It’s Friday, January 24th, 2020. Earlier this week I saw a Facebook ad about Neil DeGrasse Tyson’s upcoming talk in Charleston. Seeing the ad released a bank of memories usually hidden away in the shadows of my previous life.

In my previous life I was a college student studying to be an engineer. Today I share the story about what brought that life to an end. It’s the story about the moment I realized I wanted to drop out of college.

Truth be told, I never really enjoyed school. I liked goofing around with friends, playing lacrosse, and watching march madness during class, but the “school” part of school was a bother. Most of my intellectual development during those years took place on YouTube after school.

Curiosity flows like a stream of water on dry ground, cutting its way into the land ahead with no predictable path. In my youth and teenage years, the stream of my curiosity followed my gaze upward, pushing into the deep blue sky, past the airplanes, to the moon and beyond, into the cosmos.

With YouTube as my courier, I developed a strong appreciation for the work of people like Carl Sagan, Richard Feynman, and Neil DeGrasse Tyson. Tyson in particular drew me in with his everlasting enthusiasm and digestible descriptions of celestial bodies and processes. 

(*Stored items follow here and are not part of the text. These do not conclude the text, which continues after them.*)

(* The Mixing method $M_\theta$ with a step size $\theta\in\left(0,\frac{1}{\max_i\|c_i\|_1}\right)$ is a diffeomorphism.
   Context: Let $C\in\mathbb{R}^{n\times n}$ be symmetric with columns $c_i$ and $c_{ii}=0$; $\|\cdot\|_1$ is the $1$-norm and $\|\cdot\|$ the Euclidean norm. $M_\theta$ maps $V\in\mathbb{R}^{k\times n}$ with unit-norm columns to the result of one cyclic pass: for $i=1,\ldots,n$ in order, $v_i:=(v_i-\theta Vc_i)/\|v_i-\theta Vc_i\|$, where $V$ contains the most recent columns. The map is considered on the product of unit spheres. *)

theory Defs
  imports "HOL-Analysis.Analysis"
begin

coinductive smooth_on :: "'a::real_normed_vector set \<Rightarrow> ('a \<Rightarrow> 'b::real_normed_vector) \<Rightarrow> bool" where
  "open U \<Longrightarrow> f differentiable_on U \<Longrightarrow>
   (\<forall>v. smooth_on U (\<lambda>x. frechet_derivative f (at x) v)) \<Longrightarrow> smooth_on U f"

definition smooth_map_on :: "'a::euclidean_space set \<Rightarrow> ('a \<Rightarrow> 'b::euclidean_space) \<Rightarrow> bool" where
  "smooth_map_on S f \<longleftrightarrow>
     (\<forall>x\<in>S. \<exists>U g. open U \<and> x \<in> U \<and> smooth_on U g \<and> (\<forall>y\<in>S \<inter> U. g y = f y))"

definition diffeomorphism_on :: "'a::euclidean_space set \<Rightarrow> ('a \<Rightarrow> 'a) \<Rightarrow> bool" where
  "diffeomorphism_on S f \<longleftrightarrow>
     bij_betw f S S \<and> smooth_map_on S f \<and> smooth_map_on S (inv_into S f)"

text \<open>Matrices V in R^(k x n) have type real^n^k; V $ r $ i is the entry (r,i);
  the columns are indexed by the finite linearly ordered type 'n.\<close>

definition col :: "real^'n^'k \<Rightarrow> 'n \<Rightarrow> real^'k" where
  "col V i = (\<chi> r. V $ r $ i)"

definition set_col :: "real^'n^'k \<Rightarrow> 'n \<Rightarrow> real^'k \<Rightarrow> real^'n^'k" where
  "set_col V i w = (\<chi> r. \<chi> j. if j = i then w $ r else V $ r $ j)"

definition sphere_prod :: "(real^'n^'k) set" where
  "sphere_prod = {V. \<forall>i. norm (col V i) = 1}"

definition mix_update :: "real \<Rightarrow> real^'n^'n \<Rightarrow> 'n \<Rightarrow> real^'n^'k \<Rightarrow> real^'n^'k" where
  "mix_update \<theta> C i V =
     (let w = col V i - \<theta> *\<^sub>R (V *v col C i) in set_col V i (w /\<^sub>R norm w))"
lemma local_to_global_upper_bound:
  fixes H P :: "'a::metric_space \<Rightarrow> real"
  assumes C: "compact C" "x0 \<in> C" and cont: "continuous_on C H" "continuous_on C P"
    and unique_max: "\<And>x. x \<in> C \<Longrightarrow> x \<noteq> x0 \<Longrightarrow> H x < H x0"
    and P_nonneg: "\<And>x. x \<in> C \<Longrightarrow> 0 \<le> P x"
    and "r > 0" "a > 0" and near: "\<And>x. x \<in> C \<Longrightarrow> dist x x0 < r \<Longrightarrow> H x \<le> H x0 - a * P x"
  obtains c where "c > 0" "\<And>x. x \<in> C \<Longrightarrow> H x \<le> H x0 - c * P x"
proof -
  define far where "far = C \<inter> {x. r \<le> dist x x0}"
  have "compact far"
    unfolding far_def using C by (intro compact_Int_closed closed_Collect_le continuous_intros)
  moreover have "continuous_on far H" using cont(1) by (rule continuous_on_subset) (auto simp: far_def)
  moreover have "H x < H x0" if "x \<in> far" for x
    using that \<open>r > 0\<close> by (intro unique_max) (auto simp: far_def)
  ultimately obtain \<delta> where \<delta>: "\<delta> > 0" "\<forall>x\<in>far. H x \<le> H x0 - \<delta>"
    by (rule compact_strict_upper_bound_gap)
  obtain xm where xm: "xm \<in> C" "\<And>x. x \<in> C \<Longrightarrow> P x \<le> P xm"
    using continuous_attains_sup[OF C(1) _ cont(2)] C(2) by blast
  define B where "B = P xm + 1"
  have B: "B > 0" "\<And>x. x \<in> C \<Longrightarrow> P x \<le> B"
    using P_nonneg[OF xm(1)] xm(2) by (force simp: B_def)+
  show ?thesis
  proof (rule that[of "min a (\<delta> / B)"])
    show "0 < min a (\<delta> / B)" using \<open>a > 0\<close> \<delta>(1) B(1) by simp
    fix x assume x: "x \<in> C"
    show "H x \<le> H x0 - min a (\<delta> / B) * P x"
    proof (cases "dist x x0 < r")
      case True
      have "min a (\<delta> / B) * P x \<le> a * P x" using P_nonneg[OF x] by (intro mult_right_mono) auto
      with near[OF x True] show ?thesis by linarith
    next
      case False
      have "min a (\<delta> / B) * P x \<le> \<delta> / B * B"
        using P_nonneg[OF x] B \<delta>(1) x by (intro mult_mono) auto
      moreover have "H x \<le> H x0 - \<delta>" using \<delta>(2) x False by (simp add: far_def)
      ultimately show ?thesis using B(1) by simp
    qed
  qed
qed
(* Let $X$ be a minimal shift space over $\mathcal{A}$ such that the extension graph $\mathcal{E}_X(\varepsilon)$ of the empty word is connected. Then $X$ has a bispecial letter, i.e., a letter $a\in\mathcal{A}$ that is both left special and right special.
   Context: A shift space over a finite alphabet $\mathcal{A}$ ($|\mathcal{A}|\ge2$) is a nonempty closed shift-invariant $X\subseteq\mathcal{A}^{\mathbb{Z}}$ whose language $\mathcal{L}(X)$ contains every letter; it is minimal if it has no nonempty proper closed shift-invariant subset. For $w\in\mathcal{L}(X)$, $E^L_X(w)=\{a:aw\in\mathcal{L}(X)\}$, $E^R_X(w)=\{b:wb\in\mathcal{L}(X)\}$; $w$ is left special if $|E^L_X(w)|\ge2$, right special if $|E^R_X(w)|\ge2$. $\mathcal{E}_X(w)$ is the bipartite graph on the disjoint union of $\{a^L:a\in E^L_X(w)\}$ and $\{b^R:b\in E^R_X(w)\}$ with an edge $\{a^L,b^R\}$ whenever $awb\in\mathcal{L}(X)$. *)

theory Defs
  imports Main
begin

text \<open>Bi-infinite sequences over a finite alphabet 'a (the alphabet is the whole type).\<close>

definition shift :: "(int \<Rightarrow> 'a) \<Rightarrow> (int \<Rightarrow> 'a)" where
  "shift x = (\<lambda>i. x (i + 1))"

text \<open>Closedness in the product topology of discrete topologies, written out via
  central cylinders: the complement is open.\<close>
definition closed_seqs :: "(int \<Rightarrow> 'a) set \<Rightarrow> bool" where
  "closed_seqs X \<longleftrightarrow> (\<forall>x. x \<notin> X \<longrightarrow>
     (\<exists>n::nat. \<forall>y. (\<forall>i. \<bar>i\<bar> \<le> int n \<longrightarrow> y i = x i) \<longrightarrow> y \<notin> X))"

definition shift_invariant :: "(int \<Rightarrow> 'a) set \<Rightarrow> bool" where
  "shift_invariant X \<longleftrightarrow> shift ` X = X"

definition language :: "(int \<Rightarrow> 'a) set \<Rightarrow> 'a list set" where
  "language X = {w. \<exists>x\<in>X. \<exists>i::int. w = map (\<lambda>k. x (i + int k)) [0..<length w]}"

definition shift_space :: "(int \<Rightarrow> 'a) set \<Rightarrow> bool" where
  "shift_space X \<longleftrightarrow> X \<noteq> {} \<and> closed_seqs X \<and> shift_invariant X
     \<and> (\<forall>a. [a] \<in> language X)"

definition minimal_shift :: "(int \<Rightarrow> 'a) set \<Rightarrow> bool" where
  "minimal_shift X \<longleftrightarrow> shift_space X \<and>
     (\<forall>Y. Y \<subseteq> X \<and> Y \<noteq> {} \<and> closed_seqs Y \<and> shift_invariant Y \<longrightarrow> Y = X)"

definition ext_left :: "(int \<Rightarrow> 'a) set \<Rightarrow> 'a list \<Rightarrow> 'a set" where
  "ext_left X w = {a. a # w \<in> language X}"

definition ext_right :: "(int \<Rightarrow> 'a) set \<Rightarrow> 'a list \<Rightarrow> 'a set" where
  "ext_right X w = {b. w @ [b] \<in> language X}"

definition left_special :: "(int \<Rightarrow> 'a) set \<Rightarrow> 'a list \<Rightarrow> bool" where
  "left_special X w \<longleftrightarrow> card (ext_left X w) \<ge> 2"

definition right_special :: "(int \<Rightarrow> 'a) set \<Rightarrow> 'a list \<Rightarrow> bool" where
  "right_special X w \<longleftrightarrow> card (ext_right X w) \<ge> 2"

text \<open>Extension graph: vertices Inl a (a left extension) and Inr b (b right extension),
  undirected edges {Inl a, Inr b} whenever a w b is in the language.\<close>
definition ext_graph_vertices :: "(int \<Rightarrow> 'a) set \<Rightarrow> 'a list \<Rightarrow> ('a + 'a) set" where
  "ext_graph_vertices X w = Inl ` ext_left X w \<union> Inr ` ext_right X w"

definition ext_graph_edges :: "(int \<Rightarrow> 'a) set \<Rightarrow> 'a list \<Rightarrow> ('a + 'a) rel" where
  "ext_graph_edges X w =
     {(Inl a, Inr b) | a b. a # w @ [b] \<in> language X}
   \<union> {(Inr b, Inl a) | a b. a # w @ [b] \<in> language X}"

definition ext_graph_connected :: "(int \<Rightarrow> 'a) set \<Rightarrow> 'a list \<Rightarrow> bool" where
  "ext_graph_connected X w \<longleftrightarrow>
     (\<forall>u\<in>ext_graph_vertices X w. \<forall>v\<in>ext_graph_vertices X w.
        (u, v) \<in> (ext_graph_edges X w)\<^sup>*)"

end

theory Submission
  imports Defs "HOL-Library.Infinite_Set"
begin

text \<open>Suppose no letter is bispecial. Connectedness of the extension graph of the empty word
  forces, for every two-letter word \<open>ab\<close>, that \<open>a\<close> is right special or \<open>b\<close> is left special.
  Hence the successor of a left special letter, which is not right special, is again left
  special; by minimality (and compactness) the left special letters then exhaust the alphabet,
  so no letter is right special. But on a finite alphabet, if every letter has a unique
  successor then every letter has a unique predecessor, so no letter is left special either.\<close>

lemma two_le_card_iff:
  assumes "finite A"
  shows "2 \<le> card A \<longleftrightarrow> (\<exists>x\<in>A. \<exists>y\<in>A. x \<noteq> y)"
proof
  assume "2 \<le> card A"
  then obtain x B where "A = insert x B" "x \<notin> B" "1 \<le> card B"
    by (auto simp: numeral_2_eq_2 card_le_Suc_iff)
  then show "\<exists>x\<in>A. \<exists>y\<in>A. x \<noteq> y"
    by (metis card.empty ex_in_conv insertCI not_one_le_zero)
next
  assume "\<exists>x\<in>A. \<exists>y\<in>A. x \<noteq> y"
  then obtain x y where "x \<in> A" "y \<in> A" "x \<noteq> y" by blast
  then have "card {x, y} \<le> card A" using assms by (intro card_mono) auto
  then show "2 \<le> card A" using \<open>x \<noteq> y\<close> by simp
qed

lemma infinite_subset_constant:
  fixes f :: "nat \<Rightarrow> 'b::finite"
  assumes "infinite K"
  obtains K' c where "K' \<subseteq> K" "infinite K'" "\<forall>k\<in>K'. f k = c"
proof -
  obtain k0 where "infinite {k\<in>K. f k = f k0}"
    using pigeonhole_infinite[OF assms, of f] by auto
  then show ?thesis using that[of "{k\<in>K. f k = f k0}"] by blast
qed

My nurtured curiosity brought me to Aerospace Engineering, my chosen college major. It fit my interests closely enough, and I thought I was reasonably smart, so I figured what the hell.

Three semesters later I was on academic thin ice. I had barely passed physics and calculus, failed chemistry, and was on the brink of failing calc 2. I really didn’t enjoy the school work. My heart didn’t care, so my brain was left to its own devices, doing just enough to get by. But some hope still remained. In December 2013, during finals in my 3rd semester in college, my school held an event hosting Dr. Neil DeGrasse Tyson. For years it had been a dream of mine to see this man in person. I viewed him with the same reverence a bright student has for his most impactful mentor. 

Like an ironically cruel plot-point etched into my destiny, the time of the talk conflicted with my calc 2 final. My momentary disappointment was quickly overtaken by youthful optimism after I concluded that this was probably the only reason an administrator would ever approve rescheduling a final exam. It’s not like I wanted to go home for Christmas early, or skip class for a concert. I genuinely wanted to see a scholar talk about ideas relevant to my major, and more importantly, my interests. That’s the entire purpose of education, anyway.

So I emailed the dean of mathematics. I didn’t know this guy, but his title gave me confidence that he would understand my dilemma and help me out. I explained my situation. I thought that my attempt to pursue my academic interests beyond the classroom was noble, in some small way, and so I went to sleep with a good bit of optimism.

The next day, that same optimism was flattened by the dean’s response. He told me that if I was going to skip the arranged test time, I would receive a 0 on my exam, fail the class, and there were absolutely no exceptions. His response was devoid of any hint of encouragement, and made me feel like some troublemaker who didn’t quite understand how things worked.

I was honestly flabbergasted. It was at this moment, standing toe-to-toe with the goliath of higher education, that I saw it was never about curiosity, knowledge, and truth. Those values I held so closely, the values I had been taught to nurture, the values at the core of education itself, are no more than empty words plastered on the mission statements of school websites. 

The dean’s response forced a new reality into my field of view–the reality that the institution itself had become more important than those values it was built to stand for.

I understand where he was coming from. I understand that there are hundreds of kids taking these finals, that there are too many people, students, professors, and TAs, involved in the administration of an exam like that. Their no-exceptions policy was a practical way to keep things fair and efficient.

But it still didn’t sit well with me. My gut felt twisted. My whole life had been organized around this goal to get through college––a goal that was thrust upon me and all of my peers since before I could remember––a goal that nobody in my sphere of influence had thought to question–a goal that wasn’t my own. School didn’t fit me. Or maybe I didn’t fit school.

At that moment, that truth, tied deep inside the web of my life-long internal conflict, revealed itself for the first time. And for a moment, I looked straight at it. I saw its simplicity and its solidity. Looking at it almost stung my whole body. And almost as quickly as I noticed it, I buried whatever that moment revealed to me back into the depths where it had been held for so long. 

I obeyed my dean and skipped the Tyson talk to take my exam. During the test, I sat there for the whole hour, looking at words and symbols on a paper, feeling betrayed only by myself. I didn’t yet have the courage to stand tall. I felt weak. There was no anger, just a still emptiness inside, surrounded by the knowledge that I don’t believe in what I’m doing.

Seeing reality and changing your course according to it are two different challenges, so it took me more than a month after that to actually quit. In fact, my brother quit first, and the day after he told me that dropping out was as simple as talking to the Bursar’s office, I was officially a free man.

I scored 40% on the exam, and failed the class. It was the last final exam I ever took.